Cells marked `not-run` did not produce an artifact in the window. Investigate whether the run was scheduled.

## Cells of concern

- **`e2e-playwright × prod-canary` — FAIL** — 11/412 failed (97.3%; SLO 98.0%); 4 new since yesterday. Top-3: `cart.checkout.spec → submits coupon` (assertion); `auth.sso.spec → samlv2 round-trip` (30s timeout); `payments.refund.spec → partial refund` (precision). Hand off to [`failure-classifier`](../../qa-bug-repro/agents/failure-classifier.md).
- **`e2e-playwright × staging` — WARN** — 1 new flake.
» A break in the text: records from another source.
lemma Veps_eq_var_id:
  fixes W :: "'x::finite \<Rightarrow> 'y::finite \<Rightarrow> real"
  assumes "channel W" and "gallager_symmetric W" and "singular_channel W" and "no_zero_column W"
  shows "Veps W \<epsilon> = var_id W x"
proof -
  have "{Vcond Q W | Q. dist Q \<and> mutual_info Q W = capacity W} = {var_id W x}"
    using Vcond_capacity_achieving[OF assms] dist_uniform_input
      mutual_info_uniform_input[OF assms] capacity_eq_mean_id[OF assms]
    by (auto intro!: exI[of _ uniform_input])
  then show ?thesis unfolding Veps_def by simp
qed

lemma finite_lists_length: "finite {ys :: 'y::finite list. length ys = N}"
  using finite_lists_length_eq[of "UNIV :: 'y set" N] by simp

lemma sum_lists_length_Suc:
  fixes F :: "'y::finite list \<Rightarrow> 'a::comm_monoid_add"
  shows "(\<Sum>zs\<in>{zs. length zs = Suc N}. F zs) = (\<Sum>ys\<in>{ys. length ys = N}. \<Sum>y\<in>UNIV. F (ys @ [y]))"
proof -
  have image: "{zs :: 'y list. length zs = Suc N} = (\<lambda>(ys, y). ys @ [y]) ` ({ys. length ys = N} \<times> UNIV)"
  proof (intro set_eqI iffI)
    fix zs :: "'y list" assume "zs \<in> {zs. length zs = Suc N}"
    then have "zs = butlast zs @ [last zs]" and "length (butlast zs) = N"
      by (auto intro: append_butlast_last_id[symmetric])
    then show "zs \<in> (\<lambda>(ys, y). ys @ [y]) ` ({ys. length ys = N} \<times> UNIV)" by force
  qed auto
  have inj: "inj_on (\<lambda>(ys, y). ys @ [y]) ({ys :: 'y list. length ys = N} \<times> UNIV)"
    by (auto simp: inj_on_def)
  show ?thesis
    unfolding image sum.reindex[OF inj] sum.cartesian_product by (simp add: case_prod_beta)
qed

lemma fb_prob_snoc:
  assumes "length ys = N"
  shows "fb_prob W (Suc N) f m (ys @ [y]) = fb_prob W N f m ys * W (f N m ys) y"
proof -
  have "(\<Prod>n<N. W (f n m (take n (ys @ [y]))) ((ys @ [y]) ! n)) = fb_prob W N f m ys"
    unfolding fb_prob_def using assms by (intro prod.cong) (auto simp: nth_append)
  then show ?thesis unfolding fb_prob_def using assms by (simp add: nth_append)
qed

lemma prod_prob_eq_fb_prob: "prod_prob W N (\<lambda>_. x) = fb_prob W N (\<lambda>_ _ _. x) m"
  by (auto simp: prod_prob_def fb_prob_def)

lemma sum_fb_prob_Suc_alpha:
  fixes W :: "'x::finite \<Rightarrow> 'y::finite \<Rightarrow> real"
  assumes "gallager_symmetric W"
  shows "(\<Sum>zs\<in>{zs. length zs = Suc N}. fb_prob W (Suc N) f m zs * G (map (alpha W) zs))
    = (\<Sum>ys\<in>{ys. length ys = N}. fb_prob W N f m ys *
         (\<lambda>as. \<Sum>y\<in>UNIV. W x y * G (as @ [alpha W y])) (map (alpha W) ys))"
  unfolding sum_lists_length_Suc
proof (intro sum.cong refl)
  fix ys :: "'y list" assume "ys \<in> {ys. length ys = N}"
  then show "(\<Sum>y\<in>UNIV. fb_prob W (Suc N) f m (ys @ [y]) * G (map (alpha W) (ys @ [y])))
    = fb_prob W N f m ys * (\<lambda>as. \<Sum>y\<in>UNIV. W x y * G (as @ [alpha W y])) (map (alpha W) ys)"
    using row_sum_alpha_indep[OF assms, of "f N m ys" "\<lambda>a. G (map (alpha W) ys @ [a])" x]
    by (simp add: fb_prob_snoc mult.assoc flip: sum_distrib_left)
qed

lemma sum_fb_prob_alpha_eq_prod_prob:
  fixes W :: "'x::finite \<Rightarrow> 'y::finite \<Rightarrow> real"
  assumes "gallager_symmetric W"
  shows "(\<Sum>ys\<in>{ys. length ys = N}. fb_prob W N f m ys * G (map (alpha W) ys))
       = (\<Sum>ys\<in>{ys. length ys = N}. prod_prob W N (\<lambda>_. x) ys * G (map (alpha W) ys))"
proof (induction N arbitrary: G)
  case 0
  have "{ys :: 'y list. length ys = 0} = {[]}" by auto
  then show ?case by (simp add: fb_prob_def prod_prob_def)
next
  case (Suc N)
  show ?case
    unfolding prod_prob_eq_fb_prob[where m = m] sum_fb_prob_Suc_alpha[OF assms, where x = x]
    using Suc.IH unfolding prod_prob_eq_fb_prob[where m = m] .
qed

lemma sum_S_set_fb_prob_eq_prod_prob:
  fixes W :: "'x::finite \<Rightarrow> 'y::finite \<Rightarrow> real"
  assumes "gallager_symmetric W"
  shows "(\<Sum>ys\<in>S_set W N R. fb_prob W N f m ys) = (\<Sum>ys\<in>S_set W N R. prod_prob W N (\<lambda>_. x) ys)"
proof -
  define in_S where "in_S as \<longleftrightarrow> 1 / real N * (\<Sum>n<N. ln (1 / as ! n)) \<le> R" for as :: "real list"
  have "S_set W N R = {ys. length ys = N} \<inter> {ys. in_S (map (alpha W) ys)}"
    unfolding S_set_def in_S_def by auto
  then show ?thesis
    using sum_fb_prob_alpha_eq_prod_prob[OF assms, of N f m "\<lambda>as. of_bool (in_S as)" x]
    by (simp add: sum_mult_of_bool_eq[OF finite_lists_length])
qed

theorem lemma10:
  fixes W :: "'x::finite \<Rightarrow> 'y::finite \<Rightarrow> real" and xo :: 'x and \<epsilon> :: real
  assumes "channel W" and "gallager_symmetric W" and "singular_channel W"
    and "no_zero_column W" and "0 < \<epsilon>" and "\<epsilon> < 1"
  shows
    "(\<forall>x (lam::real). mgf W x lam = mgf W xo lam)
     \<and> (\<forall>x. mean_id W x = mean_id W xo \<and> mean_id W xo = capacity W
            \<and> var_id W x = var_id W xo \<and> m3 W x = m3 W xo)
     \<and> var_id W xo = Veps W \<epsilon>
     \<and> (\<forall>(R::real) (N::nat) (f :: nat \<Rightarrow> nat \<Rightarrow> 'y list \<Rightarrow> 'x) (m::nat).
          0 \<le> R \<longrightarrow> 0 < N \<longrightarrow> m \<in> {1..nat \<lceil>exp (real N * R)\<rceil>} \<longrightarrow>
          (\<Sum>ys\<in>S_set W N R. fb_prob W N f m ys)
            = (\<Sum>ys\<in>S_set W N R. prod_prob W N (\<lambda>_. xo) ys))
     \<and> (\<Sum>y\<in>UNIV. qU W y * (- ln (alpha W y))) = capacity W
     \<and> (\<Sum>y\<in>UNIV. qU W y * (- ln (alpha W y) - capacity W)\<^sup>2) = var_id W xo
     \<and> (\<Sum>y\<in>UNIV. qU W y * \<bar>- ln (alpha W y) - capacity W\<bar> ^ 3) = m3 W xo"
proof -
  note sym = assms(1-3) and sym_nz = assms(1-4)
  note indep = row_sum_idens_indep[OF sym, of _ _ xo]
  note qU_sum = qU_sum_alpha_eq_row_sum_idens[OF sym, of _ xo]
  have C: "capacity W = mean_id W xo" by (rule capacity_eq_mean_id[OF sym_nz])
  show ?thesis
  proof (intro conjI allI impI)
    show "mgf W x lam = mgf W xo lam" for x lam
      unfolding mgf_def by (rule indep)
    show "m3 W x = m3 W xo" for x
      unfolding m3_def by (rule indep)
    show "(\<Sum>y\<in>UNIV. qU W y * \<bar>- ln (alpha W y) - capacity W\<bar> ^ 3) = m3 W xo"
      unfolding m3_def by (rule qU_sum)
    show "(\<Sum>y\<in>UNIV. qU W y * (- ln (alpha W y))) = capacity W"
      unfolding C mean_id_def by (rule qU_sum)
    show "(\<Sum>y\<in>UNIV. qU W y * (- ln (alpha W y) - capacity W)\<^sup>2) = var_id W xo"
      unfolding C var_id_def by (rule qU_sum)
  qed (use C mean_id_indep[OF sym, of _ xo] var_id_indep[OF sym, of _ xo]
        Veps_eq_var_id[OF sym_nz, of \<epsilon> xo] sum_S_set_fb_prob_eq_prod_prob[OF assms(2)] in auto)
qed

end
Hand off to [`ai-flake-detector`](../../qa-flake-triage/agents/ai-flake-detector.md).
- **`contract × prod-canary` — WARN** — 2 schema-drift fails. Hand off to [`contract-drift-investigator`](../../qa-contract-testing/agents/contract-drift-investigator.md).
- **`perf-k6 × dev` — WARN** — p95 312ms > 300ms SLO; staging clean. Investigate dev-environment perf delta.
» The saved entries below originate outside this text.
theorem exists_induced_forest_weight_strict:
  assumes "finite V" "symp E" "irreflp E" "\<not> cluster_graph V E"
  obtains S where "S \<subseteq> V" "induced_forest S E" "forest_weight V E < real (card S)"
  using assms(1,4)
proof (induction V arbitrary: thesis rule: finite_psubset_induct)
  case (psubset V)
  obtain a b c where abc: "a \<in> V" "b \<in> V" "c \<in> V" "E a c" "E c b" "a \<noteq> b" "\<not> E a b"
    using psubset.prems(2) unfolding cluster_graph_def by blast
  show ?case
  proof (cases "\<exists>z\<in>V. removal_gain V E z > 0")
    case True
    then obtain z where z: "z \<in> V" "removal_gain V E z > 0" by blast
    obtain S' where S': "S' \<subseteq> V - {z}" "induced_forest S' E"
      "forest_weight (V - {z}) E \<le> real (card S')"
      using exists_induced_forest_weight[of "V - {z}" E] psubset.hyps(1) assms(2,3) by blast
    obtain S where "S \<subseteq> V" "induced_forest S E"
      "real (card S') - forest_weight (V - {z}) E + removal_gain V E z
         \<le> real (card S) - forest_weight V E"
      by (rule induced_forest_removal_step[OF psubset.hyps(1) assms(2) z(1) S'(1,2)])
    with S'(3) z(2) show ?thesis by (intro psubset.prems(1)) auto
  next
    case False
    then have gain0: "removal_gain V E z = 0" if "z \<in> V" for z
      using removal_gain_eq_0_if_nonpos[OF psubset.hyps(1) assms(3)] that by force
    \<comment> \<open>delete a vertex off the induced path a c b and use the strict bound for the rest\<close>
    show ?thesis
    proof (cases "V = {a, b, c}")
      case True
      then show ?thesis
        using psubset.prems(1) induced_forest_non_adjacent_triple[OF assms(2,3) abc(7)]
          forest_weight_path_less_card[OF assms(2,3) abc(4-6)] by blast
    next
      case False
      then obtain z where z: "z \<in> V" "z \<notin> {a, b, c}" using abc(1-3) by blast
      have "\<not> cluster_graph (V - {z}) E" using abc z(2) unfolding cluster_graph_def by blast
      then obtain S' where S': "S' \<subseteq> V - {z}" "induced_forest S' E"
        "forest_weight (V - {z}) E < real (card S')"
        using psubset.IH[of "V - {z}"] z(1) by blast
      obtain S where "S \<subseteq> V" "induced_forest S E"
        "real (card S') - forest_weight (V - {z}) E + removal_gain V E z
           \<le> real (card S) - forest_weight V E"
        by (rule induced_forest_removal_step[OF psubset.hyps(1) assms(2) z(1) S'(1,2)])
      with S'(3) gain0[OF z(1)] show ?thesis by (intro psubset.prems(1)) auto
    qed
  qed
qed

section \<open>Cluster graphs\<close>

definition closed_nbhd :: "'a set \<Rightarrow> ('a \<Rightarrow> 'a \<Rightarrow> bool) \<Rightarrow> 'a \<Rightarrow> 'a set" where
  "closed_nbhd V E v = insert v {u \<in> V. E v u}"

lemma closed_nbhd_subset: "v \<in> V \<Longrightarrow> closed_nbhd V E v \<subseteq> V"
  unfolding closed_nbhd_def by auto

lemma card_closed_nbhd:
  assumes "simple_graph V E"
  shows "card (closed_nbhd V E v) = deg V E v + 1"
  using simple_graphD(1,3)[OF assms] unfolding closed_nbhd_def deg_def by (simp add: irreflpD)

lemma closed_nbhd_eq:
  assumes "simple_graph V E" "cluster_graph V E" "u \<in> closed_nbhd V E v"
  shows "closed_nbhd V E u = closed_nbhd V E v"
proof -
  note inV = simple_graphD(4,5)[OF assms(1)]
  have sym: "\<And>x y. E x y \<Longrightarrow> E y x" using simple_graphD(2)[OF assms(1)] by (rule sympD)
  have trans: "\<And>x y z. E x y \<Longrightarrow> E y z \<Longrightarrow> x \<noteq> z \<Longrightarrow> E x z"
    using assms(2) inV unfolding cluster_graph_def by blast
  show ?thesis
    using assms(3) unfolding closed_nbhd_def by (auto intro: inV sym trans)
qed

lemma cluster_graph_adj_iff:
  assumes "simple_graph V E" "cluster_graph V E" "u \<in> V" "w \<in> V"
  shows "E u w \<longleftrightarrow> u \<noteq> w \<and> closed_nbhd V E u = closed_nbhd V E w"
proof
  assume "E u w"
  then show "u \<noteq> w \<and> closed_nbhd V E u = closed_nbhd V E w"
    using closed_nbhd_eq[OF assms(1,2), of w u] assms(4) simple_graphD(3)[OF assms(1)]
    unfolding closed_nbhd_def by (auto simp: irreflp_def)
next
  assume "u \<noteq> w \<and> closed_nbhd V E u = closed_nbhd V E w"
  then show "E u w" unfolding closed_nbhd_def by auto
qed

lemma is_clique_closed_nbhd:
  assumes "simple_graph V E" "cluster_graph V E" "v \<in> V"
  shows "is_clique (closed_nbhd V E v) E"
  unfolding is_clique_def
  using cluster_graph_adj_iff[OF assms(1,2)] closed_nbhd_eq[OF assms(1,2)]
    closed_nbhd_subset[OF assms(3)]
  by blast

lemma component_eq_closed_nbhd:
  assumes "simple_graph V E" "cluster_graph V E" "v \<in> V"
  shows "component V E v = closed_nbhd V E v"
proof
  let ?R = "\<lambda>x y. E x y \<and> x \<in> V \<and> y \<in> V"
  have "?R\<^sup>*\<^sup>* v u \<Longrightarrow> u \<in> closed_nbhd V E v" for u
  proof (induction rule: rtranclp_induct)
    case (step y z)
    then have "z \<in> closed_nbhd V E y" unfolding closed_nbhd_def by auto
    then show ?case using closed_nbhd_eq[OF assms(1,2) step.IH] by simp
  qed (simp add: closed_nbhd_def)
  then show "component V E v \<subseteq> closed_nbhd V E v" unfolding component_def by auto
  show "closed_nbhd V E v \<subseteq> component V E v"
    unfolding closed_nbhd_def component_def using assms(3) by (auto intro: r_into_rtranclp)
qed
## Comparison to yesterday

| Metric | Today | Yesterday | Δ |
|---|---|---|---|
| Cells PASS | 13 | 14 | -1 |
| Cells WARN | 4 | 3 | +1 |
| Cells FAIL | 1 | 1 | 0 |
| New failures | 7 | 12 | -5 |
| Total runs | 23 | 21 | +2 |

## What this agent did NOT do

- Classify any individual failure (defer to `failure-classifier`).
- Open issues (out of scope; A2 produces the report, the team triages).
- Drop / dismiss any `not-run` cell — they appear in the output to be investigated.

Refuse-to-proceed rules

The agent refuses to:

Emit a roll-up without an inventory file. The (suite × environment) matrix is the load-bearing structure; without the inventory, the report is shaped by whatever artifacts happened to exist.
Drop not-run cells silently. Missing artifacts are the most common signal of a broken nightly schedule and must surface in the report.
Compute Δ vs. yesterday without a yesterday baseline. If yesterday's run is missing for a cell, the delta column emits n/a (no prior data).
Classify a failure. Classification is failure-classifier's job; this agent stops at the cell-level summary.
Touch source files. The agent reads artifacts only.

Anti-patterns

Anti-pattern	Fix
Treating "cell missing artifact" as "cell passed"	Always emit `not-run`.
Aggregating perf p95 across environments	Per-environment perf only.
Reporting flakes by re-counting failures	Dedupe by run id; report `passed_after_retry` vs `failed`.
Filename-only test matching for new-failures	Use fully-qualified id (file + describe + it).
Roll-up that doesn't fit on one screen	Cell matrix top; concerns below; detail behind links.
Pass-rate on zero runs	Emit `not-run`.

Limitations

Per-tool parsers are the bottleneck - inherits preloaded skills (JUnit XML, Allure, k6, axe-core); other outputs need a parser.
No CI cost tracking - out of scope (FinOps territory).
UTC time-zone - report header is always UTC for unambiguous archival.
No PR / commit attribution - defer to regression-bisector; the build URL is linked.
No predictive forecasting - Δ-vs-yesterday is descriptive only.

Hand-off targets

Per-failure classification → failure-classifier.
Flake pattern attribution for the WARN cells → ai-flake-detector.
Contract drift in the contract-test cells → contract-drift-investigator.
Per-cell narrative for an exec summary → test-run-summary-author (sister skill).
Defect trend narrative over a longer window → defect-trend-narrator.
Longitudinal E2E suite health → e2e-test-trend-reporter.

References

Allure Report docs - status taxonomy (passed/failed/broken/skipped/unknown), severity.
JUnit XML community reference.
ISO/IEC/IEEE 29119-3:2021 - test reporting (canonical ISO page behind Cloudflare; cite by stable ID).
ISTQB glossary - test-report, test-environment.
Grafana k6 end-of-test summary - metrics shape, threshold-breach signal.
axe-core API - violation list, impact taxonomy (minor/moderate/serious/critical).
PractiTest 2026 State of Testing - 19.9% of teams use AI for risk identification.
Preloaded skills: junit-xml-analysis, allure-reports, coverage-diff-reporter, currents-integration, testrail-integration.